The entire scheduling component is based on Quartz(job-store = MySQL). Users set the scheduling cron
for workflows through the UI, Quartz triggers scheduling and add workflow to the PriorityQueue in
memory waiting for execution. Refer to the code in com.flink.platform.web.quartz.JobFlowRunner.
MySQL holds all info about jobs, users, resources, schedules, etc.
HDFS holds resource files uploaded by users, in the future I will also store job logs to hdfs.

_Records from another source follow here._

(* Consider the dynamical system $X(t+1)=\operatorname{diag}(|X(t)|\mathbf{1}_n)^{-1}X(t)X(t)^{\top}$ on the domain $\mathcal{S}_{\mathrm{nz\text{-}row}}$, i.e., the map $f_{\mathrm{HbM}}(X)=\operatorname{diag}(|X|\mathbf{1}_n)^{-1}XX^{\top}$. Define $Q_{\mathrm{HbM}}$ as the set of matrices $PYP^{\top}\in\mathcal{S}_{\mathrm{nz\text{-}row}}$ where $P$ is an $n\times n$ permutation matrix and $Y$ is a block diagonal matrix each of whose diagonal blocks has the form $\alpha bb^{\top}$ with $\alpha>0$ and $b\in\{-1,+1\}^m$, $m\le n$ (different blocks may have different $\alpha$, $b$, $m$, with block sizes summing to $n$). Then: (i) $Q_{\mathrm{HbM}}$ is the set of all fixed points of $f_{\mathrm{HbM}}$ in $\mathcal{S}_{\mathrm{nz\text{-}row}}$; (ii) for every $X\in Q_{\mathrm{HbM}}$, $G(X)$ is composed of isolated complete subgraphs that satisfy social balance, i.e., there is a partition of $\{1,\dots,n\}$ into sets $V_1,\dots,V_K$ such that $X_{ij}=0$ whenever $i,j$ lie in different sets, and for each $k$ the principal submatrix of $X$ indexed by $V_k$ has all entries non-zero and its graph satisfies social balance.
   Context: $\mathcal{S}_{\mathrm{nz\text{-}row}}=\{X\in\mathbb{R}^{n\times n}: \text{every row of }X\text{ is non-zero}\}$. $|X|$ is the entry-wise absolute value and $\mathbf{1}_n$ the all-ones vector. $G(X)$ is the weighted digraph with (possibly negative) adjacency matrix $X$. For a square matrix $Z$, $G(Z)$ satisfies social balance if (S1) $Z_{ii}>0$ for all $i$ and (S2) $\operatorname{sign}(Z_{ij})\operatorname{sign}(Z_{jk})\operatorname{sign}(Z_{ki})=1$ for all indices $i,j,k$, where $\operatorname{sign}$ is the sign function. *)

theory Defs
  imports "Jordan_Normal_Form.Matrix" "Jordan_Normal_Form.DL_Submatrix" "HOL-Library.Disjoint_Sets"
begin

definition S_nzrow :: "nat \<Rightarrow> real mat set" where
  "S_nzrow n = {X \<in> carrier_mat n n. \<forall>i<n. row X i \<noteq> 0\<^sub>v n}"

definition diag_of_vec :: "real vec \<Rightarrow> real mat" where
  "diag_of_vec d = mat (dim_vec d) (dim_vec d) (\<lambda>(i,j). if i = j then d $ i else 0)"

definition abs_mat :: "real mat \<Rightarrow> real mat" where
  "abs_mat X = map_mat abs X"

text \<open>f_HbM(X) = diag(|X| 1_n)^{-1} X X^T; the inverse of a diagonal matrix with
  non-zero diagonal is the diagonal matrix of reciprocals.\<close>
definition f_HbM :: "real mat \<Rightarrow> real mat" where
  "f_HbM X = diag_of_vec (map_vec inverse (abs_mat X *\<^sub>v vec (dim_row X) (\<lambda>_. 1))) * X * X\<^sup>T"

definition perm_mat :: "nat \<Rightarrow> (nat \<Rightarrow> nat) \<Rightarrow> real mat" where
  "perm_mat n p = mat n n (\<lambda>(i,j). if p i = j then 1 else 0)"

definition is_perm_mat :: "nat \<Rightarrow> real mat \<Rightarrow> bool" where
  "is_perm_mat n P \<longleftrightarrow> (\<exists>p. p permutes {..<n} \<and> P = perm_mat n p)"

definition is_hbm_block :: "real mat \<Rightarrow> bool" where
  "is_hbm_block B \<longleftrightarrow> (\<exists>\<alpha> b. \<alpha> > 0 \<and> (\<forall>i<dim_vec b. b $ i = 1 \<or> b $ i = -1) \<and>
      B = \<alpha> \<cdot>\<^sub>m (mat (dim_vec b) (dim_vec b) (\<lambda>(i,j). b $ i * b $ j)))"

definition Q_HbM :: "nat \<Rightarrow> real mat set" where
  "Q_HbM n = {X. \<exists>P Bs. is_perm_mat n P \<and> (\<forall>B\<in>set Bs. is_hbm_block B \<and> dim_row B \<le> n)
      \<and> sum_list (map dim_row Bs) = n
      \<and> X = P * diag_block_mat Bs * P\<^sup>T \<and> X \<in> S_nzrow n}"

definition social_balance :: "real mat \<Rightarrow> bool" where
  "social_balance Z \<longleftrightarrow> (\<forall>i<dim_row Z. Z $$ (i,i) > 0) \<and>
     (\<forall>i<dim_row Z. \<forall>j<dim_row Z. \<forall>k<dim_row Z.
        sgn (Z $$ (i,j)) * sgn (Z $$ (j,k)) * sgn (Z $$ (k,i)) = 1)"

end

theory Submission
  imports Defs
begin

text \<open>Write \<open>d\<^sub>i = \<Sum>\<^sub>k \<bar>X\<^sub>i\<^sub>k\<bar>\<close> and \<open>M = X X\<^sup>T\<close>. A fixed point satisfies \<open>M\<^sub>i\<^sub>j = d\<^sub>i X\<^sub>i\<^sub>j\<close>, hence
  \<open>\<Sum>\<^sub>j M\<^sub>i\<^sub>j\<^sup>2 = d\<^sub>i\<^sup>2 M\<^sub>i\<^sub>i\<close> and \<open>\<Sum>\<^sub>j \<bar>M\<^sub>i\<^sub>j\<bar> = d\<^sub>i\<^sup>2\<close>. Summing \<open>\<Sum>\<^sub>j M\<^sub>i\<^sub>j\<^sup>2 = M\<^sub>i\<^sub>i \<Sum>\<^sub>j \<bar>M\<^sub>i\<^sub>j\<bar>\<close> over \<open>i\<close>
  and using the symmetry of \<open>M\<close> gives \<open>\<Sum>\<^sub>i\<^sub>j \<bar>M\<^sub>i\<^sub>j\<bar> \<parallel>x\<^sub>i - sgn M\<^sub>i\<^sub>j x\<^sub>j\<parallel>\<^sup>2 = 0\<close> for the rows \<open>x\<^sub>i\<close>,
  so any two rows are either orthogonal or equal up to sign. Grouping the rows into classes up to
  sign exhibits \<open>X\<close> as a permuted block diagonal matrix with blocks \<open>\<alpha> b b\<^sup>T\<close>; conversely such
  matrices are fixed points by direct computation, and their blocks are balanced because the sign
  of every entry is a product \<open>b\<^sub>i b\<^sub>j\<close>.\<close>

section \<open>Matrix entries\<close>

lemma abs_eq_1_mult_self: "\<bar>x :: real\<bar> = 1 \<Longrightarrow> x * x = 1"
  by (metis abs_mult_self_eq mult_1_right)

lemma f_HbM_index:
  assumes X: "X \<in> carrier_mat n n" and i: "i < n" and j: "j < n"
  shows "f_HbM X $$ (i,j) = (\<Sum>k<n. X $$ (i,k) * X $$ (j,k)) / (\<Sum>k<n. \<bar>X $$ (i,k)\<bar>)"
proof -
  define D where "D = diag_of_vec (map_vec inverse (abs_mat X *\<^sub>v vec n (\<lambda>_. 1)))"
  have D: "D \<in> carrier_mat n n" using X by (simp add: D_def diag_of_vec_def abs_mat_def)
  have DX: "(D * X) $$ (i,k) = X $$ (i,k) / (\<Sum>l<n. \<bar>X $$ (i,l)\<bar>)" if "k < n" for k
    using X D i that
    by (simp add: D_def diag_of_vec_def abs_mat_def scalar_prod_def lessThan_atLeast0
        if_distrib[of "\<lambda>x. x * _"] sum.If_cases divide_inverse_commute cong: if_cong)
  have "f_HbM X = D * X * X\<^sup>T" using X by (simp add: f_HbM_def D_def)
  also have "\<dots> $$ (i,j) = (\<Sum>k<n. (D * X) $$ (i,k) * X $$ (j,k))"
    using D X i j by (subst index_mult_mat(1)) (auto simp: scalar_prod_def lessThan_atLeast0)
  finally show ?thesis
    using DX by (simp add: sum_divide_distrib)
qed

lemma perm_mat_conj_index:
  assumes p: "p permutes {..<n}" and Y: "Y \<in> carrier_mat n n" and i: "i < n" and j: "j < n"
  shows "(perm_mat n p * Y * (perm_mat n p)\<^sup>T) $$ (i,j) = Y $$ (p i, p j)"
proof -
  define P where "P = perm_mat n p"
  have P: "P \<in> carrier_mat n n" by (simp add: P_def perm_mat_def)
  have p_n: "p k < n" if "k < n" for k using permutes_in_image[OF p] that by auto
  have P_index: "P $$ (k,l) = (if p k = l then 1 else 0)" if "k < n" "l < n" for k l
    using that by (simp add: P_def perm_mat_def)
  have PY: "(P * Y) $$ (i,l) = Y $$ (p i, l)" if "l < n" for l
    using P Y i that p_n[OF i]
    by (simp add: P_index scalar_prod_def if_distrib[of "\<lambda>x. x * _"] cong: if_cong)
  have "(P * Y * P\<^sup>T) $$ (i,j) = (\<Sum>l\<in>{0..<n}. (P * Y) $$ (i,l) * P $$ (j,l))"
    using P Y i j by (subst index_mult_mat(1)) (auto simp: scalar_prod_def)
  also have "\<dots> = (\<Sum>l\<in>{0..<n}. if l = p j then Y $$ (p i, l) else 0)"
    using j by (intro sum.cong) (auto simp: PY P_index)
  also have "\<dots> = Y $$ (p i, p j)"
    using p_n[OF j] by simp
  finally show ?thesis unfolding P_def .
qed

lemma submatrix_square_index:
  assumes X: "X \<in> carrier_mat n n" and W: "W \<subseteq> {..<n}"
  shows "dim_row (submatrix X W W) = card W"
    and "k < card W \<Longrightarrow> l < card W \<Longrightarrow> submatrix X W W $$ (k,l) = X $$ (pick W k, pick W l)"
proof -
  have rows: "{i. i < dim_row X \<and> i \<in> W} = W" and cols: "{i. i < dim_col X \<and> i \<in> W} = W"
    using X W by auto
  show "dim_row (submatrix X W W) = card W" by (simp add: dim_submatrix rows)
  show "k < card W \<Longrightarrow> l < card W \<Longrightarrow> submatrix X W W $$ (k,l) = X $$ (pick W k, pick W l)"
    by (rule submatrix_index) (simp_all add: rows cols)
qed

lemma diag_block_mat_hbm_carrier:
  assumes "\<forall>B\<in>set Bs. is_hbm_block B"
  shows "diag_block_mat Bs \<in> carrier_mat (sum_list (map dim_row Bs)) (sum_list (map dim_row Bs))"
proof -
  have "dim_col B = dim_row B" if "B \<in> set Bs" for B
    using assms that unfolding is_hbm_block_def by force
  then have cols: "map dim_col Bs = map dim_row Bs" by (simp cong: map_cong)
  show ?thesis by (rule carrier_matI) (simp_all only: dim_diag_block_mat cols)
qed

lemma diag_block_mat_Cons_index:
  assumes B: "B \<in> carrier_mat m m" and D: "diag_block_mat Bs \<in> carrier_mat N N"
    and k: "k < m + N" and l: "l < m + N"
  shows "diag_block_mat (B # Bs) $$ (k,l) =
    (if k < m \<and> l < m then B $$ (k,l)
     else if m \<le> k \<and> m \<le> l then diag_block_mat Bs $$ (k - m, l - m) else 0)"
  using B D k l by (auto simp: Let_def)

lemma is_hbm_block_signed_rank_one:
  assumes "\<alpha> > 0" and t: "\<And>k. k < m \<Longrightarrow> \<bar>t k\<bar> = 1"
  shows "is_hbm_block (mat m m (\<lambda>(k,l). \<alpha> * t k * t l))"
  unfolding is_hbm_block_def
proof (intro exI[of _ \<alpha>] exI[of _ "vec m t"] conjI allI impI)
  fix k assume "k < dim_vec (vec m t)"
  then show "vec m t $ k = 1 \<or> vec m t $ k = -1" using t[of k] by (auto simp: abs_if split: if_splits)
qed (use assms(1) in auto)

In order to keep the system simple, I'm not using components like zookeeper to guarantee system
fault tolerance. All instances of flink-platform-web communicate with MySQL, so I want to use
MySQL to complete system fault tolerance. Currently, You can restart/add flink-platform-web
instances arbitrarily, this won't affect the execution of workflows, the unfinished workflow will be
reloaded and executed after the flink-platfrom-web node restarted, refer to the code
in com.flink.platform.web.service.InitJobFlowScheduler.
For scaling operations, currently, you must migrate unfinished workflows to
other flink-platform-web instances (Change host ip in table: t_job_flow_run and restart the target
instance), I will implement auto migration rely on MySQL in the future.